Get out the vote. In 2016, Hip Hop ism aking its point in a unique way.

Visit for more information

Words: Milca Pierre

We watched history unfold in 2008 and we watched it repeat itself in 2012 as Barack Obama was elected by the people to lead the free world as President of the United States of America.


In a few months that era will come to a close as the nation’s first Black president wraps up his second and final term in office.

Affectionately dubbed the “First Hip Hop President,” President Obama’s energized elections saw the largest turnouts in young voters and voters of color than ever before, with 22 million Americans under 30 voting in 2008—a fact that exists partly because of one very special factor: Hip Hop.

Functioning as a social and political outlet for the disenfranchised, Hip Hop has made its way to the top as a very important stake in American culture, igniting trends and sparking movements for social change. So, it was pretty inevitable that when a promising African-American Democratic senator decided he wanted to be in the White House, some of Hip Hop’s biggest names didn’t hesitate to show their support.

Now, nearly eight years later, Hip Hop has showed up, perhaps stronger than ever before, making a huge crossover, helping voters navigate through the unusual political playing field that is the 2016 presidential campaign.

Political focuses within the newest generation of constituents are experiencing a shift from the mere desire of connecting and relating to a candidate, to seeking a candidate prepared to deliver on social issues most pressing to both young and minority voters, and a growing group of artists and social influencers haven’t failed to publicly endorse the candidate they feel fits the description.

For Hillary Clinton that means support from the likes of Snoop Dogg, 50 Cent, and even Kim Kardashian and Kanye West, who appeared in a now viral selfie with the former Secretary of State.

Pharrell Williams also tossed his hat into Hillary’s camp, specifically promoting her position and strength as a woman. “I know what Hillary represents: she represents a woman in power, and she did great as the Secretary of State. She’s gonna win.”

Bernie Sanders’ support fittingly came from some of Hip Hop’s uncanny figures, with rapper Lil B famously switching from his public support of Hillary Clinton to the Vermont senator last summer. “As much as I want to a woman leading the USA, right now it’s all about Bernie. He’s the real, he loves us,” the rapper tweeted last August.

Perhaps Sanders’ most solid endorsement of all came from the community activist and politically involved Killer Mike—an endorsement that stemmed from Senator Sanders’s ideal on voter’s rights. “It’s official I support [Sanders]!,” the Atlanta emcee tweeted, “His call [for] the restoration of the voters rights act sealed the deal for me.”
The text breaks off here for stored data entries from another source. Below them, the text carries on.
lemma tri_wave_inj:
  assumes L: "L > 0" and e: "tri_wave L v = tri_wave L v'" and c: "tri_wave_odd L v = tri_wave_odd L v' \<or> tri_wave L v = 0 \<or> tri_wave L v = L"
  shows "\<exists>k::int. v' = v + of_int k * L"
proof -
  obtain j where j: "of_int j * L \<le> v" "v < (of_int j + 1) * L" "tri_wave L v = (if even j then v - of_int j * L else (of_int j + 1) * L - v)" "tri_wave_odd L v = odd j"
    using tri_wave_fold[OF L] by blast
  obtain j' where j': "of_int j' * L \<le> v'" "v' < (of_int j' + 1) * L" "tri_wave L v' = (if even j' then v' - of_int j' * L else (of_int j' + 1) * L - v')" "tri_wave_odd L v' = odd j'"
    using tri_wave_fold[OF L] by blast
  show ?thesis
  proof (cases "tri_wave_odd L v = tri_wave_odd L v'")
    case True
    then have "even j = even j'" using j j' by simp
    then show ?thesis using e j j'
      by (cases "even j") (rule exI[of _ "j' - j"]; simp add: algebra_simps)+
  next
    case False
    then have z: "tri_wave L v = 0 \<or> tri_wave L v = L" using c by simp
    have "\<exists>k::int. v = of_int k * L" using z j L
      by (cases "even j") (auto intro: exI[of _ j] exI[of _ "j+1"] simp: algebra_simps)
    then obtain k::int where k: "v = of_int k * L" by blast
    have "\<exists>k::int. v' = of_int k * L" using z j' L e
      by (cases "even j'") (auto intro: exI[of _ j'] exI[of _ "j'+1"] simp: algebra_simps)
    then obtain k'::int where k': "v' = of_int k' * L" by blast
    show ?thesis using k k' by (intro exI[of _ "k' - k"]) (simp add: algebra_simps)
  qed
qed

lemma tri_wave_periodic: "L > 0 \<Longrightarrow> tri_wave L (v - 2 * L * of_int N) = tri_wave L v \<and> tri_wave_odd L (v - 2 * L * of_int N) = tri_wave_odd L v"
proof -
  assume L: "L > 0"
  have h: "(v - 2 * L * of_int N) / L = v / L - of_int (2 * N)" using L by (simp add: field_simps)
  have f: "\<lfloor>(v - 2 * L * of_int N) / L\<rfloor> = \<lfloor>v / L\<rfloor> - 2 * N" by (subst h) (rule floor_diff_of_int)
  have e: "even (\<lfloor>v / L\<rfloor> - 2 * N) = even \<lfloor>v / L\<rfloor>" by simp
  show ?thesis unfolding tri_wave_def tri_wave_odd_def Let_def f e by (simp add: algebra_simps)
qed

lemma mod_double_eq:
  assumes H: "H > 0" and R: "0 \<le> R" "R < 2 * H" and v: "v = R + 2 * H * of_int N"
  shows "v - 2 * H * of_int \<lfloor>v / (2 * H)\<rfloor> = R"
proof -
  have "v / (2 * H) = of_int N + R / (2 * H)" using H v by (simp add: field_simps)
  moreover have "0 \<le> R / (2 * H)" "R / (2 * H) < 1" using H R by (auto simp: divide_simps)
  ultimately have "\<lfloor>v / (2 * H)\<rfloor> = N" by (intro floor_unique) auto
  then show ?thesis using v by simp
qed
Mike’s endorsement of Sanders has been a bit different from most, as his backing has remained apparent throughout the Sanders campaign, delivering stirring opening speeches at various rallies and sitting down with Sanders in a six-part interview series.

However, there are those who aren’t quite sold yet. Most notably, the socially aware emcee Talib Kweli. Speaking on his opinion that neither candidate has demonstrated a genuine interest in the Black voter, Kweli publicly decided not to lend his vote to any one candidate. “If I had to go with the lesser of two evils and I was forced to vote for somebody, [Sanders] would probably be the one to get my vote at this time,” Kweli told CNN last October. “But me saying that, that’s really, really hypothetical. That’s not at all me endorsing him as a candidate.”

Other artists have made waves by atypically lending their support to the Republican Party. Most recently, Azealia Banks took to Twitter to reveal her support of Donald Trump in a perplexing series of posts that, at times, insulted Mr. Trump to make her point.

Despite these efforts, however, the turnout of minorities has waned since President Obama’s re-election, with Democratic Black voter turnout decreasing by 30 to 50 percent in various states, something that could certainly hurt the party in the end.

Despite Hip Hop’s heavy influence within urban communities, failure to identify and relate with voters is what’s led to a loss of energy this election year, and it’s hard to tell if there’s any candidate capable of recreating the energy that once surrounded President Obama’s campaigns.